- **Work instruction**:
Among the entries below, take the line with "n) sums peval" and the line with "of_int_of_nat_eq)", and output them and every line between them exactly, with nothing else.

- **Study material**:
○ ○ ○ ○ ○ ○ ○

lemma Dcomp_homogeneous:
  assumes q: "0 < q" and Ns: "\<forall>n\<in>set Ns. n \<le> N"
    and hom: "\<And>r a nu. r \<in> {1..N} \<Longrightarrow> \<forall>i\<in>{1..N}. 0 < a i \<Longrightarrow>
      F (a(r := q * a r)) (nu(r := q * nu r)) = c * F a nu"
    and a: "\<forall>i\<in>{1..N}. 0 < a i"
  shows "Dcomp q Ns F a nu = c ^ length Ns * F a nu * Dcomp q Ns (\<lambda>_ _. 1) a nu"
  using Ns a
proof (induction Ns arbitrary: a nu rule: rev_induct)
  case Nil
  then show ?case by (simp add: Dcomp_def)
next
  case (snoc n Ns)
  have "Dop q n (Dcomp q Ns F) a nu = c ^ Suc (length Ns) * F a nu * Dop q n (Dcomp q Ns (\<lambda>_ _. 1)) a nu"
  proof (rule Dop_scale_cong)
    fix r assume r: "r \<in> {1..n}"
    have rN: "r \<in> {1..N}" using r snoc.prems(1) by auto
    have "\<forall>i\<in>{1..N}. 0 < (a(r := q * a r)) i" using snoc.prems(2) q by simp
    then have "Dcomp q Ns F (a(r := q * a r)) (nu(r := q * nu r))
      = c ^ length Ns * F (a(r := q * a r)) (nu(r := q * nu r))
        * Dcomp q Ns (\<lambda>_ _. 1) (a(r := q * a r)) (nu(r := q * nu r))"
      using snoc.IH snoc.prems(1) by simp
    moreover have "F (a(r := q * a r)) (nu(r := q * nu r)) = c * F a nu"
      using hom[OF rN snoc.prems(2)] .
    ultimately show "Dcomp q Ns F (a(r := q * a r)) (nu(r := q * nu r))
      = c ^ Suc (length Ns) * F a nu * Dcomp q Ns (\<lambda>_ _. 1) (a(r := q * a r)) (nu(r := q * nu r))"
      by (simp add: mult_ac)
  qed
  then show ?case by (simp add: Dcomp_def)
qed

lemma sorted_wrt_ge_last_le:
  fixes xs :: "'a :: linorder list"
  shows "sorted_wrt (\<ge>) xs \<Longrightarrow> x \<in> set xs \<Longrightarrow> last xs \<le> x"
  by (induction xs) (auto dest: last_in_set)

theorem lemma4p5:
  fixes q :: real and N M T :: nat and kappa :: "nat list"
    and u a nu :: "nat \<Rightarrow> real"
  assumes q: "0 < q" "q < 1"
    and N: "N \<ge> 1"
    and T: "T \<ge> 1"
    and kappa: "partP' T kappa" "last kappa > N"
    and M: "M \<ge> N"
    and u: "\<forall>i\<ge>1. u i < 0"
    and a: "\<forall>i\<ge>1. 0 < a i"
    and nu: "\<forall>i\<ge>1. 0 < nu i \<and> nu i < 1"
    and bdd: "\<exists>\<epsilon>>0. \<forall>i\<ge>1. \<epsilon> \<le> a i \<and> a i \<le> 1 / \<epsilon> \<and> \<epsilon> \<le> nu i \<and> nu i \<le> 1 - \<epsilon>"
    and ac: "\<forall>i\<ge>1. \<forall>j\<ge>1. a i * (nu j / a j) < 1"
    and dist: "\<forall>i\<in>{1..N}. \<forall>j\<in>{1..N}. i \<noteq> j \<longrightarrow> a i \<noteq> a j"
  shows "Dop q N (Ftilde q M kappa u) a nu
           = q ^ T * (1 - (\<Prod>i\<in>{1..N}. nu i)) * Ftilde q M kappa u a nu
         \<and> (\<forall>Ns. Ns \<noteq> [] \<longrightarrow> sorted_wrt (\<ge>) Ns \<longrightarrow> (\<forall>n\<in>set Ns. n \<ge> 1) \<longrightarrow> hd Ns \<le> N \<longrightarrow>
          (\<forall>i\<in>{1..N}. \<forall>j\<in>{1..N}. \<forall>k l :: nat. i \<noteq> j \<longrightarrow> q ^ k * a i \<noteq> q ^ l * a j) \<longrightarrow>
          Dcomp q Ns (Ftilde q M kappa u) a nu
            = q ^ (length Ns * T) * Ftilde q M kappa u a nu * Dcomp q Ns (\<lambda>_ _. 1) a nu)"
proof -
  have len: "length kappa = T" and sorted: "sorted_wrt (\<ge>) kappa"
    using kappa(1) by (auto simp: partP'_def)
  have parts: "\<forall>x\<in>set kappa. N < x"
    using sorted_wrt_ge_last_le[OF sorted] kappa(2) by fastforce
  have a_pos: "\<forall>i\<in>{1..N}. 0 < a i" using a by auto
  have hom: "Ftilde q M kappa u (b(r := q * b r)) (\<mu>(r := q * \<mu> r)) = q ^ T * Ftilde q M kappa u b \<mu>"
    if r: "r \<in> {1..N}" and b: "\<forall>i\<in>{1..N}. 0 < b i" for r b \<mu>
  proof -
    have "\<forall>x\<in>set kappa. r < x" using parts r by fastforce
    then show ?thesis
      using Ftilde_shift_pos[of q r M kappa b u q \<mu>] q(1) r b M u len by auto
  qed
  have Dcomp_Ftilde: "Dcomp q Ns (Ftilde q M kappa u) a nu
      = q ^ (length Ns * T) * Ftilde q M kappa u a nu * Dcomp q Ns (\<lambda>_ _. 1) a nu"
    if "\<forall>n\<in>set Ns. n \<le> N" for Ns
  proof -
    have pow: "(q ^ T) ^ length Ns = q ^ (length Ns * T)"
      unfolding power_mult[symmetric] by (simp only: mult.commute)
    show ?thesis
      using Dcomp_homogeneous[where F = "Ftilde q M kappa u", OF q(1) that hom a_pos] unfolding pow .
  qed
  have "Dop q N (\<lambda>_ _. 1) a nu = 1 - (\<Prod>i\<in>{1..N}. nu i)"
    using a_pos dist by (intro Dop_const_one) (auto simp: inj_on_def)
  then have "Dop q N (Ftilde q M kappa u) a nu
      = q ^ T * (1 - (\<Prod>i\<in>{1..N}. nu i)) * Ftilde q M kappa u a nu"
    using Dcomp_Ftilde[of "[N]"] by (simp add: Dcomp_def)
  moreover have "Dcomp q Ns (Ftilde q M kappa u) a nu
      = q ^ (length Ns * T) * Ftilde q M kappa u a nu * Dcomp q Ns (\<lambda>_ _. 1) a nu"
    if "Ns \<noteq> []" "sorted_wrt (\<ge>) Ns" "hd Ns \<le> N" for Ns
  proof (rule Dcomp_Ftilde)
    show "\<forall>n\<in>set Ns. n \<le> N" using that by (cases Ns) auto
  qed
  ultimately show ?thesis by simp
qed
lemma scaled_int_power: "scaled_int b M x \<Longrightarrow> scaled_int b (M * n) (x ^ n)"
proof (induction n)
  case 0
  then show ?case using scaled_int_of_int[of b 0 1] by simp
next
  case (Suc n)
  then show ?case using scaled_int_mult[of b M x "M * n" "x ^ n"] by (simp add: add.commute)
qed

lemma scaled_int_sum:
  "finite S \<Longrightarrow> (\<And>i. i \<in> S \<Longrightarrow> scaled_int b M (f i)) \<Longrightarrow> scaled_int b M (\<Sum>i\<in>S. f i)"
proof (induction S rule: finite_induct)
  case empty
  then show ?case using scaled_int_of_int[of b M 0] by simp
qed (simp add: scaled_int_add)

lemma scaled_int_imp_zero:
  assumes "b \<noteq> 0" "scaled_int b M x" "\<bar>real_of_int b ^ M * x\<bar> < 1"
  shows "x = 0"
  using Ints_nonzero_abs_less1[of "real_of_int b ^ M * x"] assms unfolding scaled_int_def by simp

lemma scaled_int_mahler_factor: "scaled_int b m x \<Longrightarrow> scaled_int b (2 * m) (mahler_factor x)"
  unfolding mahler_factor_def
  using scaled_int_power[of b m x 2] scaled_int_mono[of b m x "2 * m"] scaled_int_of_int[of b "2 * m" 1]
  by (simp add: scaled_int_add mult.commute)

lemma scaled_int_mahler_prod: "scaled_int b 1 z \<Longrightarrow> scaled_int b (2 * 2 ^ k) (mahler_prod k z)"
proof (induction k)
  case 0
  then show ?case using scaled_int_of_int[of b 2 1] by (simp add: mahler_prod_def)
next
  case (Suc k)
  have "scaled_int b (2 * 2 ^ k) (mahler_factor (z ^ 2 ^ k))"
    using scaled_int_power[OF Suc.prems] by (intro scaled_int_mahler_factor) simp
  then have "scaled_int b (2 * 2 ^ k + 2 * 2 ^ k) (mahler_prod k z * mahler_factor (z ^ 2 ^ k))"
    by (rule scaled_int_mult[OF Suc.IH[OF Suc.prems]])
  then show ?case by (simp add: mahler_prod_Suc)
qed

lemma scaled_int_mahler_sum: "scaled_int b 1 z \<Longrightarrow> scaled_int b (2 ^ k) (mahler_sum k z)"
proof (induction k)
  case 0
  then show ?case using scaled_int_of_int[of b 1 0] by simp
next
  case (Suc k)
  have "scaled_int b (2 ^ Suc k) (of_int (2 * (-1) ^ k) * mahler_prod k z)"
    using scaled_int_mahler_prod[OF Suc.prems, of k] by (intro scaled_int_scale) simp
  moreover have "scaled_int b (2 ^ Suc k) (mahler_sum k z)"
    by (rule scaled_int_mono[OF Suc.IH[OF Suc.prems]]) simp
  ultimately show ?case by (simp add: scaled_int_add)
qed

definition peval :: "int list \<Rightarrow> real \<Rightarrow> real" where
  "peval xs w = (\<Sum>i<length xs. real_of_int (xs ! i) * w ^ i)"

lemma peval_Nil [simp]: "peval [] w = 0"
  by (simp add: peval_def)

lemma peval_Cons [simp]: "peval (x # xs) w = real_of_int x + w * peval xs w"
  unfolding peval_def
  by (simp add: sum.lessThan_Suc_shift sum_distrib_left algebra_simps del: sum.lessThan_Suc)

lemma tendsto_peval: "(f \<longlongrightarrow> w) F \<Longrightarrow> ((\<lambda>x. peval xs (f x)) \<longlongrightarrow> peval xs w) F"
  unfolding peval_def by (intro tendsto_intros)

lemma abs_peval_le: "\<bar>w\<bar> \<le> 1 \<Longrightarrow> \<bar>peval xs w\<bar> \<le> (\<Sum>i<length xs. \<bar>real_of_int (xs ! i)\<bar>)"
  unfolding peval_def
  by (rule order.trans[OF sum_abs sum_mono])
     (simp add: abs_mult power_abs mult_left_le power_le_one)

lemma scaled_int_peval:
  assumes "scaled_int b m w" "length xs \<le> Suc d"
  shows "scaled_int b (m * d) (peval xs w)"
  unfolding peval_def
proof (intro scaled_int_sum scaled_int_scale)
  fix i assume "i \<in> {..<length xs}"
  then have "m * i \<le> m * d" using assms(2) by (simp add: less_Suc_eq_le)
  then show "scaled_int b (m * d) (w ^ i)"
    by (rule scaled_int_mono[OF scaled_int_power[OF assms(1)]])
qed simp

section \<open>Linear forms in A and B\<close>

definition form_coeff :: "int list \<Rightarrow> int list \<Rightarrow> int list \<Rightarrow> nat \<Rightarrow> int" where
  "form_coeff ps qs rs n = (if n < length ps then ps ! n else 0)
    + (\<Sum>i<length qs. if i \<le> n then qs ! i * stern (n - i + 1) else 0)
    + (\<Sum>i<length rs. if i \<le> n then rs ! i * twisted_stern (n - i + 1) else 0)"

definition form_value :: "int list \<Rightarrow> int list \<Rightarrow> int list \<Rightarrow> real \<Rightarrow> real" where
  "form_value ps qs rs w = peval ps w + peval qs w * stern_A w + peval rs w * stern_B w"

definition form_height :: "int list \<Rightarrow> int list \<Rightarrow> int list \<Rightarrow> real" where
  "form_height ps qs rs = (\<Sum>i<length ps. \<bar>real_of_int (ps ! i)\<bar>)
     + (\<Sum>i<length qs. \<bar>real_of_int (qs ! i)\<bar>) + (\<Sum>i<length rs. \<bar>real_of_int (rs ! i)\<bar>)"

lemma form_height_nonneg: "form_height ps qs rs \<ge> 0"
  unfolding form_height_def by (intro add_nonneg_nonneg sum_nonneg) auto

lemma abs_peval_le_form_height:
  assumes "\<bar>w\<bar> \<le> 1"
  shows "\<bar>peval qs w\<bar> \<le> form_height ps qs rs" and "\<bar>peval rs w\<bar> \<le> form_height ps qs rs"
proof -
  have "0 \<le> (\<Sum>i<length ps. \<bar>real_of_int (ps ! i)\<bar>)" "0 \<le> (\<Sum>i<length qs. \<bar>real_of_int (qs ! i)\<bar>)"
    "0 \<le> (\<Sum>i<length rs. \<bar>real_of_int (rs ! i)\<bar>)"
    by (auto intro: sum_nonneg)
  then show "\<bar>peval qs w\<bar> \<le> form_height ps qs rs" "\<bar>peval rs w\<bar> \<le> form_height ps qs rs"
    using abs_peval_le[OF assms, of qs] abs_peval_le[OF assms, of rs] unfolding form_height_def
    by linarith+
qed

lemma sums_poly_times_series:
  fixes w :: real and f :: "nat \<Rightarrow> int"
  assumes S: "(\<lambda>n. real_of_int (f (n + 1)) * w ^ n) sums S"
  shows "(\<lambda>n. real_of_int (\<Sum>i<length qs. if i \<le> n then qs ! i * f (n - i + 1) else 0) * w ^ n)
           sums (peval qs w * S)"
proof -
  have shifted: "(\<lambda>n. real_of_int (if i \<le> n then c * f (n - i + 1) else 0) * w ^ n)
                   sums (real_of_int c * w ^ i * S)" for i c
  proof -
    have "(\<lambda>n. (real_of_int c * w ^ i) * (real_of_int (f (n + 1)) * w ^ n)) sums (real_of_int c * w ^ i * S)"
      using sums_mult[OF S] by simp
    then have "(\<lambda>n. real_of_int (if i \<le> n + i then c * f (n + i - i + 1) else 0) * w ^ (n + i))
                 sums (real_of_int c * w ^ i * S)"
      by (simp add: power_add algebra_simps)
    then show ?thesis by (subst (asm) sums_zero_iff_shift) auto
  qed
  have "(\<lambda>n. \<Sum>i<length qs. real_of_int (if i \<le> n then qs ! i * f (n - i + 1) else 0) * w ^ n)
        sums (\<Sum>i<length qs. real_of_int (qs ! i) * w ^ i * S)"
    by (intro sums_sum shifted)
  then show ?thesis by (simp add: peval_def sum_distrib_right of_int_sum)
qed

lemma form_value_sums:
  fixes w :: real assumes w: "\<bar>w\<bar> < 1"
  shows "(\<lambda>n. real_of_int (form_coeff ps qs rs n) * w ^ n) sums form_value ps qs rs w"
proof -
  have "(\<lambda>n. real_of_int (if n < length ps then ps ! n else 0) * w ^ n) sums
          (\<Sum>n<length ps. real_of_int (if n < length ps then ps ! n else 0) * w ^ n)"
    by (rule sums_finite) auto
  then have "(\<lambda>n. real_of_int (if n < length ps then ps ! n else 0) * w ^ n) sums peval ps w"
    by (simp add: peval_def)
  from sums_add[OF sums_add[OF this sums_poly_times_series] sums_poly_times_series]
  show ?thesis
    using stern_A_sums[OF w] stern_B_sums[OF w]
    unfolding form_value_def form_coeff_def by (simp add: distrib_right)
qed

lemma abs_convolution_le:
  fixes xs :: "int list" and f :: "nat \<Rightarrow> int"
  assumes f: "\<And>m. m \<le> Suc n \<Longrightarrow> \<bar>f m\<bar> \<le> int (Suc n)"
  shows "\<bar>real_of_int (\<Sum>i<length xs. if i \<le> n then xs ! i * f (n - i + 1) else 0)\<bar>
         \<le> (\<Sum>i<length xs. \<bar>real_of_int (xs ! i)\<bar>) * real (Suc n)"
proof -
  have "\<bar>real_of_int (if i \<le> n then xs ! i * f (n - i + 1) else 0)\<bar>
          \<le> \<bar>real_of_int (xs ! i)\<bar> * real (Suc n)" for i
  proof (cases "i \<le> n")
    case True
    then have "\<bar>real_of_int (f (n - i + 1))\<bar> \<le> real (Suc n)"
      using f[of "n - i + 1"] by (metis Suc_eq_plus1 add_le_mono1 diff_le_self of_int_abs of_int_le_iff
          of_int_of_nat_eq)
    then show ?thesis using True by (simp add: abs_mult mult_left_mono)
  qed simp
  then have "\<bar>real_of_int (\<Sum>i<length xs. if i \<le> n then xs ! i * f (n - i + 1) else 0)\<bar>
      \<le> (\<Sum>i<length xs. \<bar>real_of_int (xs ! i)\<bar> * real (Suc n))"
    unfolding of_int_sum by (intro order.trans[OF sum_abs sum_mono])
  then show ?thesis by (simp add: sum_distrib_right)
qed

lemma abs_form_coeff_le: "\<bar>real_of_int (form_coeff ps qs rs n)\<bar> \<le> form_height ps qs rs * real (Suc n)"
proof -
  let ?h = "\<lambda>xs. \<Sum>i<length xs. \<bar>real_of_int (xs ! i)\<bar>"
  have "\<bar>real_of_int (if n < length ps then ps ! n else 0)\<bar> \<le> ?h ps * real (Suc n)"
  proof (cases "n < length ps")
    case True
    then have "\<bar>real_of_int (ps ! n)\<bar> \<le> ?h ps" by (intro member_le_sum) auto
    also have "\<dots> \<le> ?h ps * real (Suc n)"
      using mult_left_mono[of 1 "real (Suc n)" "?h ps"] by (simp add: sum_nonneg)
    finally show ?thesis using True by simp
  qed (simp add: sum_nonneg)
  moreover have "\<bar>real_of_int (\<Sum>i<length qs. if i \<le> n then qs ! i * stern (n - i + 1) else 0)\<bar>
                   \<le> ?h qs * real (Suc n)"
  proof (rule abs_convolution_le)
    show "\<bar>stern m\<bar> \<le> int (Suc n)" if "m \<le> Suc n" for m
      using abs_stern_le[of m] that by simp
  qed
  moreover have "\<bar>real_of_int (\<Sum>i<length rs. if i \<le> n then rs ! i * twisted_stern (n - i + 1) else 0)\<bar>
                   \<le> ?h rs * real (Suc n)"
  proof (rule abs_convolution_le)
    show "\<bar>twisted_stern m\<bar> \<le> int (Suc n)" if "m \<le> Suc n" for m
      using twisted_stern_abs_le[of m] that by simp
  qed
  ultimately show ?thesis
    unfolding form_coeff_def form_height_def of_int_add by (simp add: distrib_right)
qed

definition form_tail :: "int list \<Rightarrow> int list \<Rightarrow> int list \<Rightarrow> nat \<Rightarrow> real \<Rightarrow> real" where
  "form_tail ps qs rs N w = (\<Sum>i. real_of_int (form_coeff ps qs rs (i + N + 1)) * w ^ i)"

definition form_tail_bound :: "int list \<Rightarrow> int list \<Rightarrow> int list \<Rightarrow> nat \<Rightarrow> real \<Rightarrow> real" where
  "form_tail_bound ps qs rs N r = form_height ps qs rs * real (N + 2) / (1 - r)^2"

○ ○ ○ ○ ○ ○ ○

- **The completed task**:
  then have "(\<lambda>n. real_of_int (if n < length ps then ps ! n else 0) * w ^ n) sums peval ps w"
    by (simp add: peval_def)
  from sums_add[OF sums_add[OF this sums_poly_times_series] sums_poly_times_series]
  show ?thesis
    using stern_A_sums[OF w] stern_B_sums[OF w]
    unfolding form_value_def form_coeff_def by (simp add: distrib_right)
qed

lemma abs_convolution_le:
  fixes xs :: "int list" and f :: "nat \<Rightarrow> int"
  assumes f: "\<And>m. m \<le> Suc n \<Longrightarrow> \<bar>f m\<bar> \<le> int (Suc n)"
  shows "\<bar>real_of_int (\<Sum>i<length xs. if i \<le> n then xs ! i * f (n - i + 1) else 0)\<bar>
         \<le> (\<Sum>i<length xs. \<bar>real_of_int (xs ! i)\<bar>) * real (Suc n)"
proof -
  have "\<bar>real_of_int (if i \<le> n then xs ! i * f (n - i + 1) else 0)\<bar>
          \<le> \<bar>real_of_int (xs ! i)\<bar> * real (Suc n)" for i
  proof (cases "i \<le> n")
    case True
    then have "\<bar>real_of_int (f (n - i + 1))\<bar> \<le> real (Suc n)"
      using f[of "n - i + 1"] by (metis Suc_eq_plus1 add_le_mono1 diff_le_self of_int_abs of_int_le_iff
          of_int_of_nat_eq)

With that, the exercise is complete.